- [Task goal]
Of all the lines below, return only those starting with the line holding "(* Variables are" and going on through the line holding "e_last n \<noteq>", exactly as written.

[Dataset entries]
________
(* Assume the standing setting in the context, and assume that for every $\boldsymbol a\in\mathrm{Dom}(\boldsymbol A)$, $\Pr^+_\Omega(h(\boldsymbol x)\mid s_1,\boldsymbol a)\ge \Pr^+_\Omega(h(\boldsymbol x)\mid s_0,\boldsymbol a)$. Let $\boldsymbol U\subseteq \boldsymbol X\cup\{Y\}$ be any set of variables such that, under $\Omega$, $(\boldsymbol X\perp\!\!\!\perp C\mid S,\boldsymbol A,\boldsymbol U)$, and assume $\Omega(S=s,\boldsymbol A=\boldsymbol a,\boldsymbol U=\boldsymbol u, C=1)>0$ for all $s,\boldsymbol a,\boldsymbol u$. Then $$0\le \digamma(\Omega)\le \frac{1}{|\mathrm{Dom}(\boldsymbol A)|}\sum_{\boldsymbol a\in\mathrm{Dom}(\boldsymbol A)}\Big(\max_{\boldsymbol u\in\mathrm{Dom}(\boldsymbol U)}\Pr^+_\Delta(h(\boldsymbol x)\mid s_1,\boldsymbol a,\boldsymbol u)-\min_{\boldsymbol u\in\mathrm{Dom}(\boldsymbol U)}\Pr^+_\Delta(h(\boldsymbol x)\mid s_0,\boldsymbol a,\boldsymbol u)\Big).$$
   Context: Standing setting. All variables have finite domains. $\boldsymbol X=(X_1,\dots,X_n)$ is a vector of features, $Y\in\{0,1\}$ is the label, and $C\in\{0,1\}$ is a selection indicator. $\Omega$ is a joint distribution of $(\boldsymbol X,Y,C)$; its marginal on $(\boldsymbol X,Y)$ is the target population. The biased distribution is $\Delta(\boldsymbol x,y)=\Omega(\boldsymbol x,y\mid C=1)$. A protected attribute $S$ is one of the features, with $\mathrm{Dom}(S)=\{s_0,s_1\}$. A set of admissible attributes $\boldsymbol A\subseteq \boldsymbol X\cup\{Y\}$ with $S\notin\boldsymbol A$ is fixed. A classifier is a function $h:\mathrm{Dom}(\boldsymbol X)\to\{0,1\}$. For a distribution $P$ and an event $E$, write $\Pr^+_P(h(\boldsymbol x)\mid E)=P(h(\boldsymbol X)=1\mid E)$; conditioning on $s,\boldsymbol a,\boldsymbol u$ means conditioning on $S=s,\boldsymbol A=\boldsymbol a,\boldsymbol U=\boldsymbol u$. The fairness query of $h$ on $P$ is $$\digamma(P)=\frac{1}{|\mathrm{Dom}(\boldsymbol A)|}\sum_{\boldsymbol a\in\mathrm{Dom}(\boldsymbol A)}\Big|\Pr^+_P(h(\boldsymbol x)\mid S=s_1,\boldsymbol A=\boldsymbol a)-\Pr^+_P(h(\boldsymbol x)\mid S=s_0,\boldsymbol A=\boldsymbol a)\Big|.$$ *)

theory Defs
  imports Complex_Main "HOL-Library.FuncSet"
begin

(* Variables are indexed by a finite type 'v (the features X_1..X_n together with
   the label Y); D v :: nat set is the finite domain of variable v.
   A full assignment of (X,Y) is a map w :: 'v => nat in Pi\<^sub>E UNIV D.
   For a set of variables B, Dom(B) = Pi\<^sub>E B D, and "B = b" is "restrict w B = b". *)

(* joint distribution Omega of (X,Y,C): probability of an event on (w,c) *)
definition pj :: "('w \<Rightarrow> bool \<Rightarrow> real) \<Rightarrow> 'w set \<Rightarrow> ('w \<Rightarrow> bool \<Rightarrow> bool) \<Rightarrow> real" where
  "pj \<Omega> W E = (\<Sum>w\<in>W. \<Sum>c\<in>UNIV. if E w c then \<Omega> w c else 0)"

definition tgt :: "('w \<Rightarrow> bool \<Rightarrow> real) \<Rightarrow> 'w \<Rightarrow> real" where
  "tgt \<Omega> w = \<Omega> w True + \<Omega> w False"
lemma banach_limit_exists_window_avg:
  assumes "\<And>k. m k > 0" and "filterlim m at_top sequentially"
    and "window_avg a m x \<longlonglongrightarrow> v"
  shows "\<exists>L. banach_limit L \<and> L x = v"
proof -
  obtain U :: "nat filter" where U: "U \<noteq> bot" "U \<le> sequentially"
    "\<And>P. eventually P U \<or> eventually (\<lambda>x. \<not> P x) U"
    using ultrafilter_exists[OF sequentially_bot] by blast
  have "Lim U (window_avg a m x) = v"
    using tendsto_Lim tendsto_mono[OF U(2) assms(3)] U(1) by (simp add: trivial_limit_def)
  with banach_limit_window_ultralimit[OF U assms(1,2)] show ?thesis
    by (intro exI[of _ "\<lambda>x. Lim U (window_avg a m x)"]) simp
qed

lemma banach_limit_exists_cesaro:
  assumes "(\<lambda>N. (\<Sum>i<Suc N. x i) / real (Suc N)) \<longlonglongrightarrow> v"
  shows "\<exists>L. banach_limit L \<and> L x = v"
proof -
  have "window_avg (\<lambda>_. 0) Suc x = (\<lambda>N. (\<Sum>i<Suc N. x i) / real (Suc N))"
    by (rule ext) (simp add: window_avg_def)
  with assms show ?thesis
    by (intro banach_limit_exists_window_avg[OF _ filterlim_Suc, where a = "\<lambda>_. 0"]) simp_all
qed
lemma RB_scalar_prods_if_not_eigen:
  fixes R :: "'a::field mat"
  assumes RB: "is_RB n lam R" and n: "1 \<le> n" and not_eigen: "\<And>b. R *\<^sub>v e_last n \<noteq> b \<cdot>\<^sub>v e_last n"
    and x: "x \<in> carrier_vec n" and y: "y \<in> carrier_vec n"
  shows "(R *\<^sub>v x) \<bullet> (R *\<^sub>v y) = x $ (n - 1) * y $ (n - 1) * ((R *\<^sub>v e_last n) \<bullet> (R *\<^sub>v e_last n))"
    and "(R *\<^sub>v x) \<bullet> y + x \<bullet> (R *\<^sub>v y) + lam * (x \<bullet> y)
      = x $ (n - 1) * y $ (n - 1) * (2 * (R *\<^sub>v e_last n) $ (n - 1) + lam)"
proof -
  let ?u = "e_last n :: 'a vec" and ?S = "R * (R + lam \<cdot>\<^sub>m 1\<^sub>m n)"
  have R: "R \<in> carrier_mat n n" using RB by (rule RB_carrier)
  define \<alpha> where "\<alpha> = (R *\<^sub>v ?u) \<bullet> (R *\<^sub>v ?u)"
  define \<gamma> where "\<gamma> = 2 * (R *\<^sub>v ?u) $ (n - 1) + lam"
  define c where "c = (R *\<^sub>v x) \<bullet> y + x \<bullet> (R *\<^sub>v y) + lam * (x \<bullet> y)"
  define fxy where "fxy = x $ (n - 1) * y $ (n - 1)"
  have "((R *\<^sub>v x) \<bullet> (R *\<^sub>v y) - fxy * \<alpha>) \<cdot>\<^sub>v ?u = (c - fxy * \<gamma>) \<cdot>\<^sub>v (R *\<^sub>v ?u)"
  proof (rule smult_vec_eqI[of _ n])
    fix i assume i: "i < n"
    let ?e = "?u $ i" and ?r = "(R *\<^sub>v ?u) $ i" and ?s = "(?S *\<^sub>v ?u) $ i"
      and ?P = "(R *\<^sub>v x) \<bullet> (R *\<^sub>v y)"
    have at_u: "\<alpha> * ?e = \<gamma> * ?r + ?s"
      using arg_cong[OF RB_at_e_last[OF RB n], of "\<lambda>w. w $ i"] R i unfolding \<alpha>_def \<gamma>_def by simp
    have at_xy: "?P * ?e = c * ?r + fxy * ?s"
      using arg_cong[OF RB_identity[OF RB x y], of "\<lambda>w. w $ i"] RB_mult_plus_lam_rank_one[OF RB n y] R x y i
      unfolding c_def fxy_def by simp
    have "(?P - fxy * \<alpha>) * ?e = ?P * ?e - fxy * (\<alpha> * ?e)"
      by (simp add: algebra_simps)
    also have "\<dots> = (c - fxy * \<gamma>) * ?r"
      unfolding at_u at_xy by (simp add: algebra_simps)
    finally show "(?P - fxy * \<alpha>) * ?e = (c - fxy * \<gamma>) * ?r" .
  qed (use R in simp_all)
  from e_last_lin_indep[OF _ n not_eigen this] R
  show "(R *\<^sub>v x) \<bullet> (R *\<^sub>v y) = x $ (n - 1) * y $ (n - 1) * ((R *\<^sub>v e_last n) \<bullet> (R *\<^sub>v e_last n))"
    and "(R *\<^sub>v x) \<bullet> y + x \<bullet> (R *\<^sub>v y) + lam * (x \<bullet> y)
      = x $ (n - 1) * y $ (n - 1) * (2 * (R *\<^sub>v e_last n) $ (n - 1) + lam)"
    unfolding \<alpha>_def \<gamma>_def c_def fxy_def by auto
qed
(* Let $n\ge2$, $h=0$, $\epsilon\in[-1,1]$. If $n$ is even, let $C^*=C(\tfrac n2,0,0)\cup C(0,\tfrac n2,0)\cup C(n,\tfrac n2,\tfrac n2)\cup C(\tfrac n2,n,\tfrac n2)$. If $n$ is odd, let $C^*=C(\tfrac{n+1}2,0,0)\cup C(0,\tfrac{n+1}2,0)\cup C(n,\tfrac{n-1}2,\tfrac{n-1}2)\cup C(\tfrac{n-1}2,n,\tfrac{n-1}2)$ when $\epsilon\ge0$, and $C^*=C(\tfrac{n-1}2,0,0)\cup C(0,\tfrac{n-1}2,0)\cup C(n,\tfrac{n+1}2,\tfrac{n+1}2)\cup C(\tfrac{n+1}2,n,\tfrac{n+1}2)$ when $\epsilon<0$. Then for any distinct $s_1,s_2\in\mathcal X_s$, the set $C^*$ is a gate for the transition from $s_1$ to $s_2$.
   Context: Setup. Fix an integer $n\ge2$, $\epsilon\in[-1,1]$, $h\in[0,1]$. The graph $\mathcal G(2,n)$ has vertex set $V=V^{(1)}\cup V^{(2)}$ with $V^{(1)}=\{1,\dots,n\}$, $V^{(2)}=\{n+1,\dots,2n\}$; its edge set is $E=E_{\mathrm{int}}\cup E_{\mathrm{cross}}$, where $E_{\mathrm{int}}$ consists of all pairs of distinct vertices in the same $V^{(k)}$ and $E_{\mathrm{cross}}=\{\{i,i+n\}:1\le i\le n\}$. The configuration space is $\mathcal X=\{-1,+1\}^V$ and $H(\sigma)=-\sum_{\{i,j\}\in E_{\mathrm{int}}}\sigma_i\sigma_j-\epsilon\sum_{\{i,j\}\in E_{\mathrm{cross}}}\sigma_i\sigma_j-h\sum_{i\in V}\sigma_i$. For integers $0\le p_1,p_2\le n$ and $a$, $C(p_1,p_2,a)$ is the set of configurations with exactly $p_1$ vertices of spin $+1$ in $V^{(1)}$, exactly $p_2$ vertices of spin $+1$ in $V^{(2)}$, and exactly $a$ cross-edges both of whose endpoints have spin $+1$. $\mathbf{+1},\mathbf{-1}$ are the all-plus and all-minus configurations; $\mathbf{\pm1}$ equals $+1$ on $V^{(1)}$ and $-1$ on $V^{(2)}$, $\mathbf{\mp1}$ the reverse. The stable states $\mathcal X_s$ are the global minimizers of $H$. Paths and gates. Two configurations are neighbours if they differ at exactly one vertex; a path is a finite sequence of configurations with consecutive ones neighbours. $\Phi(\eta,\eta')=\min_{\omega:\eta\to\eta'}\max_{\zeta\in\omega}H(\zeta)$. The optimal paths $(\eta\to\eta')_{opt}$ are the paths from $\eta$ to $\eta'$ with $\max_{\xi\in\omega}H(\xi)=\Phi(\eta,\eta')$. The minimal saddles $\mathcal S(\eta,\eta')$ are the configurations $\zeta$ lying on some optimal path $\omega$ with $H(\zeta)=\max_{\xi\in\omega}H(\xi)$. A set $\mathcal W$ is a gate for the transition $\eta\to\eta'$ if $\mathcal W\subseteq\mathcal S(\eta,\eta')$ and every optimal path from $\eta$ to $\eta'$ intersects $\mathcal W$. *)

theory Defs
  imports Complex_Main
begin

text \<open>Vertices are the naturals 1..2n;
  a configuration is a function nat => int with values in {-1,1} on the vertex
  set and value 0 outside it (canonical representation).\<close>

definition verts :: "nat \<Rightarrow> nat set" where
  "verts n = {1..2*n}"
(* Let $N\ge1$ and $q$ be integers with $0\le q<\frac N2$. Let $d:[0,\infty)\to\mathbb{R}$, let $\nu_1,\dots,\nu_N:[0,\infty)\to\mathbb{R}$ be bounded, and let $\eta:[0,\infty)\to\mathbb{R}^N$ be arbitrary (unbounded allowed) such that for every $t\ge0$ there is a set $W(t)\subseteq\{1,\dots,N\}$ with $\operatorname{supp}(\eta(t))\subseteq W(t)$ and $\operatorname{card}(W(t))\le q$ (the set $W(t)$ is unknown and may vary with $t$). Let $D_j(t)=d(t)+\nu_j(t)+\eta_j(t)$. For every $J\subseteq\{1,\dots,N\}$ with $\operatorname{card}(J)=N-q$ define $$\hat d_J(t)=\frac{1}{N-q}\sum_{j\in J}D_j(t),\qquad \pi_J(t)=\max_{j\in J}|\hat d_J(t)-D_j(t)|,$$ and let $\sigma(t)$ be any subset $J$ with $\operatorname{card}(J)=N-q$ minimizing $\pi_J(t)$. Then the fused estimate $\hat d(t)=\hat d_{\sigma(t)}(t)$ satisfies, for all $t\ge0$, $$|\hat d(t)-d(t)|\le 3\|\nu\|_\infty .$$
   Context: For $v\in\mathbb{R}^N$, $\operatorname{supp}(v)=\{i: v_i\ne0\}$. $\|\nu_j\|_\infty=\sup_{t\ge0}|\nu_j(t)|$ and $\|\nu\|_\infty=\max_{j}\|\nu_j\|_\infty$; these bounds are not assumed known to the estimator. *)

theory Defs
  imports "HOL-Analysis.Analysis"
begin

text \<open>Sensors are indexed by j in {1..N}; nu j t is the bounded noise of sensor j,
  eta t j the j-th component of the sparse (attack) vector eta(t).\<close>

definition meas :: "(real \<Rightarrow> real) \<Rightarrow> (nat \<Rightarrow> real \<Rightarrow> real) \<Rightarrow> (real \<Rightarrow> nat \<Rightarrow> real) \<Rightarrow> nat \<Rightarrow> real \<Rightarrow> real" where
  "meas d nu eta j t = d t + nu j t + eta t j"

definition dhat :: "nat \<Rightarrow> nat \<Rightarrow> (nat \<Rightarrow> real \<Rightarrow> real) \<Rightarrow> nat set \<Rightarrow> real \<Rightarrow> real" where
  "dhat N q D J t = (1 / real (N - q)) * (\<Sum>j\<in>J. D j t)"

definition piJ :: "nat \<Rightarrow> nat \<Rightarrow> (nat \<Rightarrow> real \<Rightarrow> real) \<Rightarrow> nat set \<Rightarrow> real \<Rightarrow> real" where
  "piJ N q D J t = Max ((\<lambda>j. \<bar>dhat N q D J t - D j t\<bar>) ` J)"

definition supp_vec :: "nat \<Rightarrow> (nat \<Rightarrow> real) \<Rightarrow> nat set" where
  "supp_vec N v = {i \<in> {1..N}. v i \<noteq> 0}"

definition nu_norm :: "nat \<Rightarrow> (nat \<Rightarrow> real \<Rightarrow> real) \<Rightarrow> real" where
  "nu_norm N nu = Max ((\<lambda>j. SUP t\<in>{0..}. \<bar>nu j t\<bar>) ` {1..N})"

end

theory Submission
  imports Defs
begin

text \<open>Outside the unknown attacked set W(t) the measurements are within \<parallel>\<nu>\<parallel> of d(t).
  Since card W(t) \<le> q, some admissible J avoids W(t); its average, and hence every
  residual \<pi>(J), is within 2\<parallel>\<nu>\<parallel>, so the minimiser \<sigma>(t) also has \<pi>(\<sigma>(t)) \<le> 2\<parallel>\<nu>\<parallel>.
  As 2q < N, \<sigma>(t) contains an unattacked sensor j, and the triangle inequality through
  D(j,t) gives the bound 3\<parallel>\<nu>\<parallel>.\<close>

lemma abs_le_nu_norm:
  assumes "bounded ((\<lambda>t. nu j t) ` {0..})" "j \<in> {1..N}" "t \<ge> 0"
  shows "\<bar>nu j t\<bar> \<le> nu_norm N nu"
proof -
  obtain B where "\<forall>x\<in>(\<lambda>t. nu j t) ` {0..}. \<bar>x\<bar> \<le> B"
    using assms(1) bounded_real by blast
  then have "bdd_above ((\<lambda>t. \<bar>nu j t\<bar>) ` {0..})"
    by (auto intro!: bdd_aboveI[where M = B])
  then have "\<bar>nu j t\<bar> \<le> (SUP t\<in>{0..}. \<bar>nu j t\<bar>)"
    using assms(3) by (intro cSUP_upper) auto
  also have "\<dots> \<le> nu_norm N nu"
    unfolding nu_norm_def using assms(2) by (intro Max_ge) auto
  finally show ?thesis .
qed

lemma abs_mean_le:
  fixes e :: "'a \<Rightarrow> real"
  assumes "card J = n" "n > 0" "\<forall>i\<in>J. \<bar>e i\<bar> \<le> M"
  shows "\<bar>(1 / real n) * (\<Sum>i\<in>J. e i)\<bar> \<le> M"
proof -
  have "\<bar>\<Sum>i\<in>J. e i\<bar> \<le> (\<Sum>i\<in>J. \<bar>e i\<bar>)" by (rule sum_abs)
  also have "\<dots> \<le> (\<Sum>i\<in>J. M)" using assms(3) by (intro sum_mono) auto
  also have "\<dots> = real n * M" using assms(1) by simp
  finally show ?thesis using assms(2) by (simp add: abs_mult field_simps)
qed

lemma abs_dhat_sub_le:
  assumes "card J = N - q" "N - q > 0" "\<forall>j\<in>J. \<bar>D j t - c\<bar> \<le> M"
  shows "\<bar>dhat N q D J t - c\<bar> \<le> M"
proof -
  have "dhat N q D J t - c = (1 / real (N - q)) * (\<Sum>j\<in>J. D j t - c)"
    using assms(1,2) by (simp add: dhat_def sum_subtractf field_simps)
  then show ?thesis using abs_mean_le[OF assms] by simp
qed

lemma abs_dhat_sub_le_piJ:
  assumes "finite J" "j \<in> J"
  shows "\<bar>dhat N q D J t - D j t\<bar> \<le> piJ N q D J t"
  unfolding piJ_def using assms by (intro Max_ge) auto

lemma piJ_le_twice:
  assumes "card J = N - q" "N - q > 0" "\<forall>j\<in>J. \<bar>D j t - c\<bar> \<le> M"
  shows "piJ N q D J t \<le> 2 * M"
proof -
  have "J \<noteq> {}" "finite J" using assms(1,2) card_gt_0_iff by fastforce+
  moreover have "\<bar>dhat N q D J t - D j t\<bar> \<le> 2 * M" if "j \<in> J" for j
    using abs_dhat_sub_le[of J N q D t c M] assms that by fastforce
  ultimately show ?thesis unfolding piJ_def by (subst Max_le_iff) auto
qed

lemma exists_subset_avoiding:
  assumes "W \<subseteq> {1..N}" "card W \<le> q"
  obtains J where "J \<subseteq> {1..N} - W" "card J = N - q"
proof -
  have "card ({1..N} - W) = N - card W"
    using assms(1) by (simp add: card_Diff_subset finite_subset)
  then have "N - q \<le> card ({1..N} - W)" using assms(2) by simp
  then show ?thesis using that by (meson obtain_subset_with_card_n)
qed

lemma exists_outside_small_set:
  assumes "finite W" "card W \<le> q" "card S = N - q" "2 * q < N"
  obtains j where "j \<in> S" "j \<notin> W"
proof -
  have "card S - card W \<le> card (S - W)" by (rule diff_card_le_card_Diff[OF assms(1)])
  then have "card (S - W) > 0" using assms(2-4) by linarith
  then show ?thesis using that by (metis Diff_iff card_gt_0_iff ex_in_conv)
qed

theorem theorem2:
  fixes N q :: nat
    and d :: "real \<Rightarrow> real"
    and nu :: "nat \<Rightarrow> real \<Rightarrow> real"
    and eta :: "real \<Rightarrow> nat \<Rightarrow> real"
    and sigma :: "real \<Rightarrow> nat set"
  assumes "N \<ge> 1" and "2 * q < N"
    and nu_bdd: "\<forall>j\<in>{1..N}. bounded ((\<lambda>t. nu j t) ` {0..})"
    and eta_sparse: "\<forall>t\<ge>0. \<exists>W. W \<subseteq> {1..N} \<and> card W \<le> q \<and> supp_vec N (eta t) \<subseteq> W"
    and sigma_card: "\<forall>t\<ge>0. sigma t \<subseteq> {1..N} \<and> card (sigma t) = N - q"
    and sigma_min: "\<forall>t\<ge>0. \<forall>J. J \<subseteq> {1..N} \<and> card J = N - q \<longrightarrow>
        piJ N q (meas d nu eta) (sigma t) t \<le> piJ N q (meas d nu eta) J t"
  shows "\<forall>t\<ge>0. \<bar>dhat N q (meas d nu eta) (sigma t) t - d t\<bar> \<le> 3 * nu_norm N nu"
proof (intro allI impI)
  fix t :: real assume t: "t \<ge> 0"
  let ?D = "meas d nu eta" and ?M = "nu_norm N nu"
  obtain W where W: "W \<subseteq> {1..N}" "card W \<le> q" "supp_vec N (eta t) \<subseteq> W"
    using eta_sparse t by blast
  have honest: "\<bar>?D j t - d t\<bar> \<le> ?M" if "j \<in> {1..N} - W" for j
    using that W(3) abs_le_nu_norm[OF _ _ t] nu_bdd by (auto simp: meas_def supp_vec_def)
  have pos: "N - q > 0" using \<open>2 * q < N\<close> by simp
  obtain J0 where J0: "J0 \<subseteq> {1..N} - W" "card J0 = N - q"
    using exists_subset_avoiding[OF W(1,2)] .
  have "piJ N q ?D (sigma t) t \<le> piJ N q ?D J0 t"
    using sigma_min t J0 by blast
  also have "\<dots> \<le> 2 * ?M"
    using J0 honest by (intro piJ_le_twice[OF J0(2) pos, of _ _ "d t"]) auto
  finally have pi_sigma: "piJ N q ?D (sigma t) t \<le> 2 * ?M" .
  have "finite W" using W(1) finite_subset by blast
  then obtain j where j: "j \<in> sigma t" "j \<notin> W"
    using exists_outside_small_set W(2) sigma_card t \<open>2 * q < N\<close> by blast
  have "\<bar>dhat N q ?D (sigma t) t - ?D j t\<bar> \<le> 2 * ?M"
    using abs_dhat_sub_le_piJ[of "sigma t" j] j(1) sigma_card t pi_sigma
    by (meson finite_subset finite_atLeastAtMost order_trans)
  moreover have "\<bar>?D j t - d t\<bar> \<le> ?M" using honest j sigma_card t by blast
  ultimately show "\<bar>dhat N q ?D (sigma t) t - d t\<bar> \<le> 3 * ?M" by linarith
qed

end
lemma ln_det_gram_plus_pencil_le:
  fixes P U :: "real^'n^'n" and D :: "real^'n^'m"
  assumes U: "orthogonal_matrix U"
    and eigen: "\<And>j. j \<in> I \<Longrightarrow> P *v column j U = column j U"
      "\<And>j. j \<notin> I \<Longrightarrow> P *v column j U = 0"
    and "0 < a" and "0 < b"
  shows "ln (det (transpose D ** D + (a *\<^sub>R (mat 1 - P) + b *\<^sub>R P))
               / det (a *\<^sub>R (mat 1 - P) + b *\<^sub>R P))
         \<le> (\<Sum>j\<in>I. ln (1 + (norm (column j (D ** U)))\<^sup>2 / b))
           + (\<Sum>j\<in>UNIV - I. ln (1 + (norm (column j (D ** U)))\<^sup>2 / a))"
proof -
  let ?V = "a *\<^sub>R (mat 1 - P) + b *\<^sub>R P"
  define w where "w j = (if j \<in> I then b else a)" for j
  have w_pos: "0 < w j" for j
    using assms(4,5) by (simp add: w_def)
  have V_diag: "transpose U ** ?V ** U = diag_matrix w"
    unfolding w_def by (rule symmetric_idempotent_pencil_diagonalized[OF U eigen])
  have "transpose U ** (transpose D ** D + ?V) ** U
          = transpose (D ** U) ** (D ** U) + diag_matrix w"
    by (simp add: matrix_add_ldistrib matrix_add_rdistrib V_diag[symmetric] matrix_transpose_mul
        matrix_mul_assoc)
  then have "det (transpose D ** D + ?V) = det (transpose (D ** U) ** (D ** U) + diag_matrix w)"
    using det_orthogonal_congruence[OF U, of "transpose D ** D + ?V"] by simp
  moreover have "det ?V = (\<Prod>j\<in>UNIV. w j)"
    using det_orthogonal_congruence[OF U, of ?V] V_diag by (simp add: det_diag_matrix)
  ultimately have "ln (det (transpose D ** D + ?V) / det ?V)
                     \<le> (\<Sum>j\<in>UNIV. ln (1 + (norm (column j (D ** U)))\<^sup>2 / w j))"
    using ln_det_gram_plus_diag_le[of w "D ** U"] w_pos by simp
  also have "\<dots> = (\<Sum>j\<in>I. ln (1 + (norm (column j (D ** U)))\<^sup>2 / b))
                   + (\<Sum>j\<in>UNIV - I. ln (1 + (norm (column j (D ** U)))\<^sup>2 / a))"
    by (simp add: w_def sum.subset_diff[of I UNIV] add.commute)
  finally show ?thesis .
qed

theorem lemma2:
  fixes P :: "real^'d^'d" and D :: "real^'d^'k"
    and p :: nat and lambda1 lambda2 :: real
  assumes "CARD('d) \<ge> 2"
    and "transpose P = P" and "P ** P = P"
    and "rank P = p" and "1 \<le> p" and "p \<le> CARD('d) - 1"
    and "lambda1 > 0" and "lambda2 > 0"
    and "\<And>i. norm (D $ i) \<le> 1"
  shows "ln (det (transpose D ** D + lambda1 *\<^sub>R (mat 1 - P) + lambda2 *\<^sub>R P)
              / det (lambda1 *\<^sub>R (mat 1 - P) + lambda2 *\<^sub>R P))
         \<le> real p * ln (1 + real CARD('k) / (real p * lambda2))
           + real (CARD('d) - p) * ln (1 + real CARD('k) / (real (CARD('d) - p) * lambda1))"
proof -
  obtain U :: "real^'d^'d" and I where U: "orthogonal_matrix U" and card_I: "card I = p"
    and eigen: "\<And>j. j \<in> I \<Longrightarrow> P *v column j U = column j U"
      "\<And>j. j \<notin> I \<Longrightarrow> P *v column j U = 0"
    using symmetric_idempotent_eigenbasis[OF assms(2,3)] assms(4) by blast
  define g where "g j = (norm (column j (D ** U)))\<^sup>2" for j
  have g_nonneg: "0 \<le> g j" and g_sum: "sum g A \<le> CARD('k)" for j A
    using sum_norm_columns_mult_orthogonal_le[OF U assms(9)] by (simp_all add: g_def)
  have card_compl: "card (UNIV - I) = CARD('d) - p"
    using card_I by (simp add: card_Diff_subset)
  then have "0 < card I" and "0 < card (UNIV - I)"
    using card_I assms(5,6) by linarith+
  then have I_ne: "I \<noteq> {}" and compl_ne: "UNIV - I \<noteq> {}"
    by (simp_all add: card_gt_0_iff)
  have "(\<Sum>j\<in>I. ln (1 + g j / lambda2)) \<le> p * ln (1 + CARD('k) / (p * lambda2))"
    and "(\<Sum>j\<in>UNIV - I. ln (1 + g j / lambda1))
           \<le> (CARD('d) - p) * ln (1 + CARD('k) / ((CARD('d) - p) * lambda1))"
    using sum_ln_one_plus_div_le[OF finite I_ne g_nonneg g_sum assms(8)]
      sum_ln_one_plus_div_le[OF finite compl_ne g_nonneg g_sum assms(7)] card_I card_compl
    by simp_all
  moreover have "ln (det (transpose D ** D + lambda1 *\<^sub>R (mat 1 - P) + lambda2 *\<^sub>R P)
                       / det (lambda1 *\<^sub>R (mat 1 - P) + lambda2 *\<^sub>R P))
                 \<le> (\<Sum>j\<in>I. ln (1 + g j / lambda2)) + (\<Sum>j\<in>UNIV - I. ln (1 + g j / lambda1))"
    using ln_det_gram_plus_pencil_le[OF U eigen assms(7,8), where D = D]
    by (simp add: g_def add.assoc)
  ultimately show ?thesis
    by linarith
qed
________
- [Exercise result]
(* Variables are indexed by a finite type 'v (the features X_1..X_n together with
   the label Y); D v :: nat set is the finite domain of variable v.
   A full assignment of (X,Y) is a map w :: 'v => nat in Pi\<^sub>E UNIV D.
   For a set of variables B, Dom(B) = Pi\<^sub>E B D, and "B = b" is "restrict w B = b". *)

(* joint distribution Omega of (X,Y,C): probability of an event on (w,c) *)
definition pj :: "('w \<Rightarrow> bool \<Rightarrow> real) \<Rightarrow> 'w set \<Rightarrow> ('w \<Rightarrow> bool \<Rightarrow> bool) \<Rightarrow> real" where
  "pj \<Omega> W E = (\<Sum>w\<in>W. \<Sum>c\<in>UNIV. if E w c then \<Omega> w c else 0)"

definition tgt :: "('w \<Rightarrow> bool \<Rightarrow> real) \<Rightarrow> 'w \<Rightarrow> real" where
  "tgt \<Omega> w = \<Omega> w True + \<Omega> w False"
lemma banach_limit_exists_window_avg:
  assumes "\<And>k. m k > 0" and "filterlim m at_top sequentially"
    and "window_avg a m x \<longlonglongrightarrow> v"
  shows "\<exists>L. banach_limit L \<and> L x = v"
proof -
  obtain U :: "nat filter" where U: "U \<noteq> bot" "U \<le> sequentially"
    "\<And>P. eventually P U \<or> eventually (\<lambda>x. \<not> P x) U"
    using ultrafilter_exists[OF sequentially_bot] by blast
  have "Lim U (window_avg a m x) = v"
    using tendsto_Lim tendsto_mono[OF U(2) assms(3)] U(1) by (simp add: trivial_limit_def)
  with banach_limit_window_ultralimit[OF U assms(1,2)] show ?thesis
    by (intro exI[of _ "\<lambda>x. Lim U (window_avg a m x)"]) simp
qed

lemma banach_limit_exists_cesaro:
  assumes "(\<lambda>N. (\<Sum>i<Suc N. x i) / real (Suc N)) \<longlonglongrightarrow> v"
  shows "\<exists>L. banach_limit L \<and> L x = v"
proof -
  have "window_avg (\<lambda>_. 0) Suc x = (\<lambda>N. (\<Sum>i<Suc N. x i) / real (Suc N))"
    by (rule ext) (simp add: window_avg_def)
  with assms show ?thesis
    by (intro banach_limit_exists_window_avg[OF _ filterlim_Suc, where a = "\<lambda>_. 0"]) simp_all
qed
lemma RB_scalar_prods_if_not_eigen:
  fixes R :: "'a::field mat"
  assumes RB: "is_RB n lam R" and n: "1 \<le> n" and not_eigen: "\<And>b. R *\<^sub>v e_last n \<noteq> b \<cdot>\<^sub>v e_last n"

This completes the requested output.